I agree about the parallelism but you have to understand the design methodology.

Your example is somewhat pointless. The code is written to create the HW not the other way around. I can't feed it just any crap.

You want parallelism you have to code it.

Zynq would actually be what I use! You start with SW. The ARM core is not that quick. You will use the FPGA to accelerate the tough parts. You may think you will have throughput issues but you have options via the high performance AXI ports.
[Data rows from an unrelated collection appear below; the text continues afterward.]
lemma pmul_sum_left: "pmul (sum f A) q = (\<Sum>a\<in>A. pmul (f a) q)"
  unfolding pmul_def fun_eq_iff sum_fun_apply sum_distrib_right by (rule allI sum.swap)+

lemma pmul_sum_right: "pmul q (sum f A) = (\<Sum>a\<in>A. pmul q (f a))"
  unfolding pmul_def fun_eq_iff sum_fun_apply sum_distrib_left by (rule allI sum.swap)+

lemma pmul_smult_left: "pmul (smult c p) q = smult c (pmul p q)"
  and pmul_smult_right: "pmul p (smult c q) = smult c (pmul p q)"
  unfolding pmul_def by (auto simp: fun_eq_iff sum_distrib_left algebra_simps)

lemma pmul_pmul_expansion:
  assumes "finite Sa" "{u. a u \<noteq> 0} \<subseteq> Sa" "finite Sb" "{v. b v \<noteq> 0} \<subseteq> Sb"
  shows "pmul (pmul a g) b = (\<Sum>u\<in>Sa. \<Sum>v\<in>Sb. smult (a u * b v) (sandwich u g v))"
proof -
  have "pmul (pmul a g) b = pmul (pmul (\<Sum>u\<in>Sa. smult (a u) (mono u)) g) (\<Sum>v\<in>Sb. smult (b v) (mono v))"
    using poly_expansion[OF assms(1,2)] poly_expansion[OF assms(3,4)]
    by (rule arg_cong2[where f = "\<lambda>x y. pmul (pmul x g) y"])
  also have "\<dots> = (\<Sum>v\<in>Sb. smult (b v) (\<Sum>u\<in>Sa. smult (a u) (sandwich u g v)))"
    by (simp add: pmul_sum_left pmul_sum_right pmul_smult_left pmul_smult_right sandwich_def)
  also have "\<dots> = (\<Sum>v\<in>Sb. \<Sum>u\<in>Sa. smult (a u * b v) (sandwich u g v))"
    by (simp only: smult_sum smult_smult mult.commute)
  also have "\<dots> = (\<Sum>u\<in>Sa. \<Sum>v\<in>Sb. smult (a u * b v) (sandwich u g v))"
    by (rule sum.swap)
  finally show ?thesis .
qed

lemma tip_eqI: "p m \<noteq> 0 \<Longrightarrow> (\<And>u. p u \<noteq> 0 \<Longrightarrow> word_le u m) \<Longrightarrow> tip p = m"
  unfolding tip_def by (rule the_equality) (auto intro: word_le_antisym)

lemma tip_greatest:
  assumes "finite {w. p w \<noteq> 0}" "p u \<noteq> 0"
  shows "word_le u (tip p)"
proof -
  have greatest: "\<exists>m\<in>S. \<forall>u\<in>S. word_le u m" if "finite S" "S \<noteq> {}" for S :: "xsym list set"
    using that
  proof (induction rule: finite_ne_induct)
    case (insert x S)
    then obtain m where "m \<in> S" "\<forall>u\<in>S. word_le u m" by blast
    show ?case
    proof (cases "word_le x m")
      case True
      then show ?thesis using \<open>m \<in> S\<close> \<open>\<forall>u\<in>S. word_le u m\<close> by auto
    next
      case False
      then have "word_le m x" using word_le_linear by blast
      then show ?thesis using \<open>\<forall>u\<in>S. word_le u m\<close> word_le_trans by (auto simp: word_le_def)
    qed
  qed (simp add: word_le_def)
  have "{w. p w \<noteq> 0} \<noteq> {}" using assms(2) by blast
  with greatest[OF assms(1)] obtain m where "p m \<noteq> 0" "\<And>u. p u \<noteq> 0 \<Longrightarrow> word_le u m" by blast
  moreover from this have "tip p = m" by (rule tip_eqI)
  ultimately show ?thesis using assms(2) by simp
qed

section \<open>Spans of two-sided multiples of relations\<close>

text \<open>\<open>rel_span_le n G w\<close> and \<open>rel_span_less n G w\<close> are the spaces \<open>I\<^sub>w\<close> and \<open>I\<^sub><\<^sub>w\<close> of the
  diamond lemma, spanned by the multiples \<open>a g b\<close> of relations whose leading word \<open>a tip(g) b\<close>
  is \<open>\<le> w\<close> or \<open>< w\<close>.\<close>
inductive_set rel_span :: "nat \<Rightarrow> (xsym list \<Rightarrow> 'k::field) set \<Rightarrow> (xsym list \<Rightarrow> bool) \<Rightarrow> (xsym list \<Rightarrow> 'k) set"
  for n :: nat and G :: "(xsym list \<Rightarrow> 'k) set" and P :: "xsym list \<Rightarrow> bool" where
  zero: "0 \<in> rel_span n G P"
| scaled: "\<lbrakk>a \<in> words n; g \<in> G; b \<in> words n; P (a @ tip g @ b)\<rbrakk>
             \<Longrightarrow> smult c (sandwich a g b) \<in> rel_span n G P"
| add: "\<lbrakk>p \<in> rel_span n G P; q \<in> rel_span n G P\<rbrakk> \<Longrightarrow> p + q \<in> rel_span n G P"

abbreviation rel_span_le :: "nat \<Rightarrow> (xsym list \<Rightarrow> 'k::field) set \<Rightarrow> xsym list \<Rightarrow> (xsym list \<Rightarrow> 'k) set" where
  "rel_span_le n G w \<equiv> rel_span n G (\<lambda>u. word_le u w)"

abbreviation rel_span_less :: "nat \<Rightarrow> (xsym list \<Rightarrow> 'k::field) set \<Rightarrow> xsym list \<Rightarrow> (xsym list \<Rightarrow> 'k) set" where
  "rel_span_less n G w \<equiv> rel_span n G (\<lambda>u. word_less u w)"

lemma rel_span_sandwich:
  "\<lbrakk>a \<in> words n; g \<in> G; b \<in> words n; P (a @ tip g @ b)\<rbrakk> \<Longrightarrow> sandwich a g b \<in> rel_span n G P"
  using rel_span.scaled[of a n g G b P 1] by simp

lemma rel_span_mono: "p \<in> rel_span n G P \<Longrightarrow> (\<And>u. P u \<Longrightarrow> Q u) \<Longrightarrow> p \<in> rel_span n G Q"
  by (induction rule: rel_span.induct) (blast intro: rel_span.intros)+

lemma rel_span_le_mono: "p \<in> rel_span_le n G v \<Longrightarrow> word_le v w \<Longrightarrow> p \<in> rel_span_le n G w"
  by (erule rel_span_mono) (rule word_le_trans)

lemma rel_span_smult: "p \<in> rel_span n G P \<Longrightarrow> smult c p \<in> rel_span n G P"
proof (induction rule: rel_span.induct)
  case zero
  show ?case unfolding smult_0_right by (rule rel_span.zero)
next
  case (scaled a g b d)
  then show ?case unfolding smult_smult by (rule rel_span.scaled)
next
  case (add p q)
  show ?case unfolding smult_add_right using add.IH by (rule rel_span.add)
qed

lemma rel_span_uminus: "p \<in> rel_span n G P \<Longrightarrow> - p \<in> rel_span n G P"
  using rel_span_smult[of p n G P "- 1"] unfolding smult_minus_one .

lemma rel_span_diff: "p \<in> rel_span n G P \<Longrightarrow> q \<in> rel_span n G P \<Longrightarrow> p - q \<in> rel_span n G P"
  unfolding diff_conv_add_uminus by (intro rel_span.add rel_span_uminus)

lemma rel_span_diff_commute: "p - q \<in> rel_span n G P \<Longrightarrow> q - p \<in> rel_span n G P"
  by (drule rel_span_uminus) (simp only: minus_diff_eq)

lemma rel_span_sum: "(\<And>x. x \<in> A \<Longrightarrow> f x \<in> rel_span n G P) \<Longrightarrow> sum f A \<in> rel_span n G P"
proof (induction A rule: infinite_finite_induct)
  case (infinite A)
  show ?case unfolding sum.infinite[OF infinite(1)] by (rule rel_span.zero)
next
  case empty
  show ?case unfolding sum.empty by (rule rel_span.zero)
next
  case (insert x A)
  then show ?case unfolding sum.insert[OF insert(1,2)] by (blast intro: rel_span.add)
qed

lemma diff_eq_sum_diff:
  fixes A B :: "'a \<Rightarrow> 'b::ab_group_add"
  assumes "finite I" "p \<in> I" "q \<in> I" "sum A I = sum B I"
  shows "A p - B q = sum B (I - {q}) - sum A (I - {p})"
  using assms by (simp add: sum_diff1)
(* Fix $x> 0$, $y>0$. Suppose $B_\nu(x,y)$ is an upper (respectively lower) bound for $P_\nu(x,y)$ for every $\nu>0$. Then for every $\mu>0$ and every integer $n\ge 0$, $$B^{(n)}_{\mu}(x,y)=B_{\mu+n+1}(x,y)+e^{-x-y}\sum_{k=0}^{n}\left(\frac{y}{x}\right)^{\frac{\mu+k}{2}}I_{\mu+k}(2\sqrt{xy})$$ is an upper (respectively lower) bound for $P_\mu(x,y)$. If moreover $B_{\nu}(x,y)\to 0$ as $\nu\to+\infty$, then $B^{(n)}_\mu(x,y)\to P_\mu(x,y)$ as $n\to\infty$.
   Context: For $\mu>0$, $x>0$, $y\ge0$, the generalized Marcum $P$-function is $P_{\mu}(x,y)=x^{\frac12(1-\mu)}\int_0^{y} t^{\frac12(\mu-1)}e^{-t-x}I_{\mu-1}(2\sqrt{xt})\,dt$, where $I_\nu$ is the modified Bessel function of the first kind. *)

theory Defs
  imports "HOL-Analysis.Analysis"
begin

definition bessel_I :: "real \<Rightarrow> real \<Rightarrow> real" where
  "bessel_I nu z = (\<Sum>k. (z / 2) powr (2 * real k + nu) / (fact k * Gamma (real k + nu + 1)))"

definition marcumP :: "real \<Rightarrow> real \<Rightarrow> real \<Rightarrow> real" where
  "marcumP mu x y = x powr ((1 - mu) / 2) *
     integral {0..y} (\<lambda>t. t powr ((mu - 1) / 2) * exp (- t - x) * bessel_I (mu - 1) (2 * sqrt (x * t)))"

definition Bn :: "(real \<Rightarrow> real \<Rightarrow> real \<Rightarrow> real) \<Rightarrow> nat \<Rightarrow> real \<Rightarrow> real \<Rightarrow> real \<Rightarrow> real" where
  "Bn B n mu x y = B (mu + real n + 1) x y +
     exp (- x - y) * (\<Sum>k=0..n. (y / x) powr ((mu + real k) / 2) * bessel_I (mu + real k) (2 * sqrt (x * y)))"

end

theory Submission
  imports Defs
begin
Your FPGA modules access the data in memory via DMAs.

KNOWING what part of the algorithm you need to accelerate actually suits FPGAs, you grab the HLS and start coding.

You have to look at some of the libraries to understand what abstraction level you are working at: https://www.xilinx.com/products/design-tools/vivado/integrat...

Video, matrices, linear algebra, encoders/decoders. Etc. I can string them together in the same way I would string HDL IP.

The advantage is I can run the algorithm in C++ first and test it all, under the assumption that the HLS library has the equivalent HW version for synthesis.

There is still a lot of HW work involved. For instance in your example with A used twice. One module would calculate B_out by reading A prior to changing its value then you would have to start the C_out module. You would need a way to coordinate the two modules to share the same memory at A. But they would be running in parallel, just not started at the same time.